_YOUR TASK_. Repeat only the lines below from the one containing "0 \<Longrightarrow> z" through the one containing "by (auto simp: complex_nonpos_Reals_iff)", inclusive, exactly as written.

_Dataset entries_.

== Segment start ==

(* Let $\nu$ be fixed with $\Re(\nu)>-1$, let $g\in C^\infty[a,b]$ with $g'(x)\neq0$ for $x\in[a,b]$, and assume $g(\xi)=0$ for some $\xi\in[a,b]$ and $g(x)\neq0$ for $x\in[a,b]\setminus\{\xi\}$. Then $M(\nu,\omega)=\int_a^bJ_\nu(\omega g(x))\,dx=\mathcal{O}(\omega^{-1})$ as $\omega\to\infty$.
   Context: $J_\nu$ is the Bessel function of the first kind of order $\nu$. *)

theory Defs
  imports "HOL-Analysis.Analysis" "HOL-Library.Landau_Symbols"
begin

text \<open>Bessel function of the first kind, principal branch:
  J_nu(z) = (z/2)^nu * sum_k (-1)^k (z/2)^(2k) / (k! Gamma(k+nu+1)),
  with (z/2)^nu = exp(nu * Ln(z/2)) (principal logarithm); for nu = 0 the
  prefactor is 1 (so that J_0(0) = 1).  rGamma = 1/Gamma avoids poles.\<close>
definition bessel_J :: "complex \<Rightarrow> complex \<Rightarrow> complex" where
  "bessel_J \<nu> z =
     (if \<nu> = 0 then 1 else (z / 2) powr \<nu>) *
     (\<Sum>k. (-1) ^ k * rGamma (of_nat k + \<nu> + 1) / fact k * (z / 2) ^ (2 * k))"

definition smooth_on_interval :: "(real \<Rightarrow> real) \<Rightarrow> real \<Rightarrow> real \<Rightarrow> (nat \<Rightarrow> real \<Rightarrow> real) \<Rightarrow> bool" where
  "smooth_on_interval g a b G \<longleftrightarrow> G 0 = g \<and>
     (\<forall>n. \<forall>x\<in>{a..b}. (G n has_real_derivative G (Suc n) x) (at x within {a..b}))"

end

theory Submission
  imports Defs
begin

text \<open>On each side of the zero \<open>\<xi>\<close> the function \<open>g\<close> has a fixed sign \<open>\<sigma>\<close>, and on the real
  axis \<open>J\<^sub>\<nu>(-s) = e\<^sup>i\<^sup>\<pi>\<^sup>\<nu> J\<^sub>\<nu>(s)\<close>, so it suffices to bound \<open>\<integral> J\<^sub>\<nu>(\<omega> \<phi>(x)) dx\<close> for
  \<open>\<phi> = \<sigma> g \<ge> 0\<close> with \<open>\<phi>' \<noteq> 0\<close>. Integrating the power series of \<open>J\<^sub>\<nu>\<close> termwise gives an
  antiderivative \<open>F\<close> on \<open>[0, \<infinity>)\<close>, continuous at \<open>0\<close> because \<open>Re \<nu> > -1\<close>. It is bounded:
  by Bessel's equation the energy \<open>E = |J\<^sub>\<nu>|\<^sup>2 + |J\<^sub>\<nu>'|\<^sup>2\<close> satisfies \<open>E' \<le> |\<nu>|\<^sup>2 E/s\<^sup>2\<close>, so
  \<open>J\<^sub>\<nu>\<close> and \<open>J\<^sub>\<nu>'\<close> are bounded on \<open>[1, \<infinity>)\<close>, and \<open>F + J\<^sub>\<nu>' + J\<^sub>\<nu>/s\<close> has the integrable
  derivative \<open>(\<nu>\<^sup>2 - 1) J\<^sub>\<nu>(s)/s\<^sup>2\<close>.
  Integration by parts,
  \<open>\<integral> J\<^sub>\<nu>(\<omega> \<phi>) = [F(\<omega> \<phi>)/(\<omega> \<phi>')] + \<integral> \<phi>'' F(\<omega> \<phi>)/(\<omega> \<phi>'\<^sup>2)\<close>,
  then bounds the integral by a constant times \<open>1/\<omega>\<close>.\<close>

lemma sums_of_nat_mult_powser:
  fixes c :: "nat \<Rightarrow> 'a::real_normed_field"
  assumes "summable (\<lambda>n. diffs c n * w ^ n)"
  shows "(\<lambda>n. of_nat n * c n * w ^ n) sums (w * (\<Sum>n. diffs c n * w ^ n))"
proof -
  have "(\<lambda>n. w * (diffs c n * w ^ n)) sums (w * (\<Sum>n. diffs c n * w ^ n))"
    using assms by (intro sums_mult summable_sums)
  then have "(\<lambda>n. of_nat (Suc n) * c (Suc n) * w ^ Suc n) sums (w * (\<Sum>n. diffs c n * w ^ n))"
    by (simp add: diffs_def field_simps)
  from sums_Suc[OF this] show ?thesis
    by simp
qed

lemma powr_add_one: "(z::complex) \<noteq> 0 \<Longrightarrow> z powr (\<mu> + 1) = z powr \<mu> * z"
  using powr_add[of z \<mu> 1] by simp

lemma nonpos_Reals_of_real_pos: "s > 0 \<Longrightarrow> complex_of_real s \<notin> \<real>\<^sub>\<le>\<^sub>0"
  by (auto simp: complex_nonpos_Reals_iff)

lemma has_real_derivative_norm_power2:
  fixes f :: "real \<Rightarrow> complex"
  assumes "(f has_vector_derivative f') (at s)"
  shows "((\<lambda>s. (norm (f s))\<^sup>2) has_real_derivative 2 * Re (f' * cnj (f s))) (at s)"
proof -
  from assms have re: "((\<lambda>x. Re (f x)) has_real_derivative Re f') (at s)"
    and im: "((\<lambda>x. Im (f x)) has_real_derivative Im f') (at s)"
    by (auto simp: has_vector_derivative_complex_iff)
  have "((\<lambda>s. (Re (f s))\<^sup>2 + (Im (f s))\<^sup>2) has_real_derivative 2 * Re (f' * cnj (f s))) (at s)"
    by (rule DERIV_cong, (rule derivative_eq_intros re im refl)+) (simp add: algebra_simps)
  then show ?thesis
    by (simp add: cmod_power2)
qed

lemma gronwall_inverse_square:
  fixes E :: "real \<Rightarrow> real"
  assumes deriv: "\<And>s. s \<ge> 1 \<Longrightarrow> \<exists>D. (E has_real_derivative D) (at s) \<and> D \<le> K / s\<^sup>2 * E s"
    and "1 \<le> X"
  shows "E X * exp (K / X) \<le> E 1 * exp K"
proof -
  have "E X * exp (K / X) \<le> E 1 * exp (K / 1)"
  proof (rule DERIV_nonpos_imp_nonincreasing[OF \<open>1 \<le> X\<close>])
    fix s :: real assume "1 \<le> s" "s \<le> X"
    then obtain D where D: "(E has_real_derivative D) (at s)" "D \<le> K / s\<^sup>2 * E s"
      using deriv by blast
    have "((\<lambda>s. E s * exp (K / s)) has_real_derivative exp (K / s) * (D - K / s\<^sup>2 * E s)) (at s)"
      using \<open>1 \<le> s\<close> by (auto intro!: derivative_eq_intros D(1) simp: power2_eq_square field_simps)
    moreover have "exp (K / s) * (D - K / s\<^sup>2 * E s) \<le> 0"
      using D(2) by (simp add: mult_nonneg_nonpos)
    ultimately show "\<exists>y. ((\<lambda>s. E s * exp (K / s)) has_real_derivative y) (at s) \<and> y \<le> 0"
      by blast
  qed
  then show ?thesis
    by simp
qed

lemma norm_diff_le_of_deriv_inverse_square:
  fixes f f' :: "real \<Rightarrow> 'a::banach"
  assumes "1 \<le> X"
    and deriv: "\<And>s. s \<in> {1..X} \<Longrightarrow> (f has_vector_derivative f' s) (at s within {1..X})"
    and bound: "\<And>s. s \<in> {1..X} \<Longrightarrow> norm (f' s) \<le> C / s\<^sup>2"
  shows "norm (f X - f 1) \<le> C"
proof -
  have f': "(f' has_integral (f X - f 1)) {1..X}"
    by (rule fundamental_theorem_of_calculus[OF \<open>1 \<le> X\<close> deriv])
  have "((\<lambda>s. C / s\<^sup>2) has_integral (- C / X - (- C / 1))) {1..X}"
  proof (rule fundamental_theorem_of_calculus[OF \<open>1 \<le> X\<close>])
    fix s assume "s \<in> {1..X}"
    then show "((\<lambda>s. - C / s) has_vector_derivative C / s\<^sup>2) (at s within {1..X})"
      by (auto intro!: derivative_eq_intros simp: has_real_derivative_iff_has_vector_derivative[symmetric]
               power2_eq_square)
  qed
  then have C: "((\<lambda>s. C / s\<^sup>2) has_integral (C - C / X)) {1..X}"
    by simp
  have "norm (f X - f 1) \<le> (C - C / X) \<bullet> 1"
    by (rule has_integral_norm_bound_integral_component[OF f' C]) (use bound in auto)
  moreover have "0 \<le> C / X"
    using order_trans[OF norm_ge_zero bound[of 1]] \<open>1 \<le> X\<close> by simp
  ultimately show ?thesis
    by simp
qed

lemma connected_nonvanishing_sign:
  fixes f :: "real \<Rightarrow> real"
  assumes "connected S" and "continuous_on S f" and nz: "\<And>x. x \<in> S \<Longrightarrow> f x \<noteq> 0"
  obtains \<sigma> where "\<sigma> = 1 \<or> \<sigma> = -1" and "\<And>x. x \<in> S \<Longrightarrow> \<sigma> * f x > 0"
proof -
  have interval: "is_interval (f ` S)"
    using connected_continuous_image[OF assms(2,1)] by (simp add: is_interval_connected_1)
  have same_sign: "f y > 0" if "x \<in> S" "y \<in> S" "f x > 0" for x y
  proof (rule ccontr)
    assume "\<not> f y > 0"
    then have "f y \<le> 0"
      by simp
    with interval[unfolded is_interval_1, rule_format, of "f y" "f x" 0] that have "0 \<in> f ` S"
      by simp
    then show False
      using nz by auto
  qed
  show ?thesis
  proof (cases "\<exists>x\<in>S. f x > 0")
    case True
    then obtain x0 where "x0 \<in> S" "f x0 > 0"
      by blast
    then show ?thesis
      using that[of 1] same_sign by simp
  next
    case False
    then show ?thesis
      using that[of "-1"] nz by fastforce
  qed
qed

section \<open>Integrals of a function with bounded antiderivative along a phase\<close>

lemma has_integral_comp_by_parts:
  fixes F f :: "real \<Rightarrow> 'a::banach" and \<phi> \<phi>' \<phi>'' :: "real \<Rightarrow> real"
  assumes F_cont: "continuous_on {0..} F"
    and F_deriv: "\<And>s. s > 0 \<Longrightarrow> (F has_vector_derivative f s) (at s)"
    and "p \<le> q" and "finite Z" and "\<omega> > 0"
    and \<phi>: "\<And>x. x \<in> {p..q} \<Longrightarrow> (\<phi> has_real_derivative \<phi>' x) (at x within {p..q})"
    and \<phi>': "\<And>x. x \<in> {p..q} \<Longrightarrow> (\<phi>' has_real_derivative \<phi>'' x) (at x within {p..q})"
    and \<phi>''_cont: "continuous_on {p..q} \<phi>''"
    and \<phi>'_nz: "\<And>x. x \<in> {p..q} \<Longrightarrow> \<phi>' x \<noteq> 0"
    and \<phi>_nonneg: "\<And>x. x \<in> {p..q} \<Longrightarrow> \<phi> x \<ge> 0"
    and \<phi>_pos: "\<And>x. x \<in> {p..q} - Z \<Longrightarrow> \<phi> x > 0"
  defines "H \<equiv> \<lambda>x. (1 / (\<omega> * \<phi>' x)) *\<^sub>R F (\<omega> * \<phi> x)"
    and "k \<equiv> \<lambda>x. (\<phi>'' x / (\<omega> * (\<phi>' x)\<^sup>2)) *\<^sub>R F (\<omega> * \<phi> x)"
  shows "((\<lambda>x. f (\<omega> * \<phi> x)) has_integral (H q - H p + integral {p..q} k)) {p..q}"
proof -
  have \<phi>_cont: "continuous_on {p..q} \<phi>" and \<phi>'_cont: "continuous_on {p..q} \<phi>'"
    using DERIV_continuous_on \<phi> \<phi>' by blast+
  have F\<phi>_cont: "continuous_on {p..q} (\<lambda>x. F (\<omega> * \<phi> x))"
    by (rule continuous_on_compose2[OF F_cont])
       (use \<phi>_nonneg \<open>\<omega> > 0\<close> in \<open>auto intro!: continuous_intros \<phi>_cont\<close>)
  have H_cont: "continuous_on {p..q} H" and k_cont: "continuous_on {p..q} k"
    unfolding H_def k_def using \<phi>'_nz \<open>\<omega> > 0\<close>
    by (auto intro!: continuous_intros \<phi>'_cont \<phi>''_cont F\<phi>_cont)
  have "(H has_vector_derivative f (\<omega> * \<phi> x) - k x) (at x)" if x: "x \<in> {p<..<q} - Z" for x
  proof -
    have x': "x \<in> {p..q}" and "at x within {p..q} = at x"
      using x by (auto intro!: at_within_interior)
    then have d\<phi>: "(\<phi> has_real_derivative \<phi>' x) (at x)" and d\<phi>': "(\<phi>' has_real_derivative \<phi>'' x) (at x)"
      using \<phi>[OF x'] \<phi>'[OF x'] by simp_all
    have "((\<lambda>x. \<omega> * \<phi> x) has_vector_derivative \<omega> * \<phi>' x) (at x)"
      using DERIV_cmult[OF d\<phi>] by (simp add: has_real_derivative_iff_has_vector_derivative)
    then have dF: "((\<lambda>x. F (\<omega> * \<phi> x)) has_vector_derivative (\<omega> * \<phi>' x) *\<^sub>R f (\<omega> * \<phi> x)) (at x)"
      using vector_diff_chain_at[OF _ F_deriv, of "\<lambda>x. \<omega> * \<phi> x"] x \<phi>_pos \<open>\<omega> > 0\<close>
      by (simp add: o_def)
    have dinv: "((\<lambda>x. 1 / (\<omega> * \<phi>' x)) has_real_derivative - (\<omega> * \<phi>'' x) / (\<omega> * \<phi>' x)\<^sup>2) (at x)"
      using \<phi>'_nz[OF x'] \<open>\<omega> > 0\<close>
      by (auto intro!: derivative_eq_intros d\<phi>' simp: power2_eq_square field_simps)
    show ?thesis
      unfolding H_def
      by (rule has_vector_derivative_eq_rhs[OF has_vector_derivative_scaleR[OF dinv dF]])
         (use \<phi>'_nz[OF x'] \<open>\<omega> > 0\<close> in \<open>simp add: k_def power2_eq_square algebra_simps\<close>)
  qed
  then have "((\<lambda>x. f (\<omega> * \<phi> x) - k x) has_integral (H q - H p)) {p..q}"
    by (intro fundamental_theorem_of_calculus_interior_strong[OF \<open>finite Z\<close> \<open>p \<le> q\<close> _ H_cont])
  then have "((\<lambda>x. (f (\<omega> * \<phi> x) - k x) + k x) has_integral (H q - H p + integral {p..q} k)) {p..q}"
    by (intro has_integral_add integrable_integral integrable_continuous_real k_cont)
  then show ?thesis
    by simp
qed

== Segment end ==

_WRITTEN SOLUTION_.
lemma powr_add_one: "(z::complex) \<noteq> 0 \<Longrightarrow> z powr (\<mu> + 1) = z powr \<mu> * z"
  using powr_add[of z \<mu> 1] by simp

lemma nonpos_Reals_of_real_pos: "s > 0 \<Longrightarrow> complex_of_real s \<notin> \<real>\<^sub>\<le>\<^sub>0"
  by (auto simp: complex_nonpos_Reals_iff)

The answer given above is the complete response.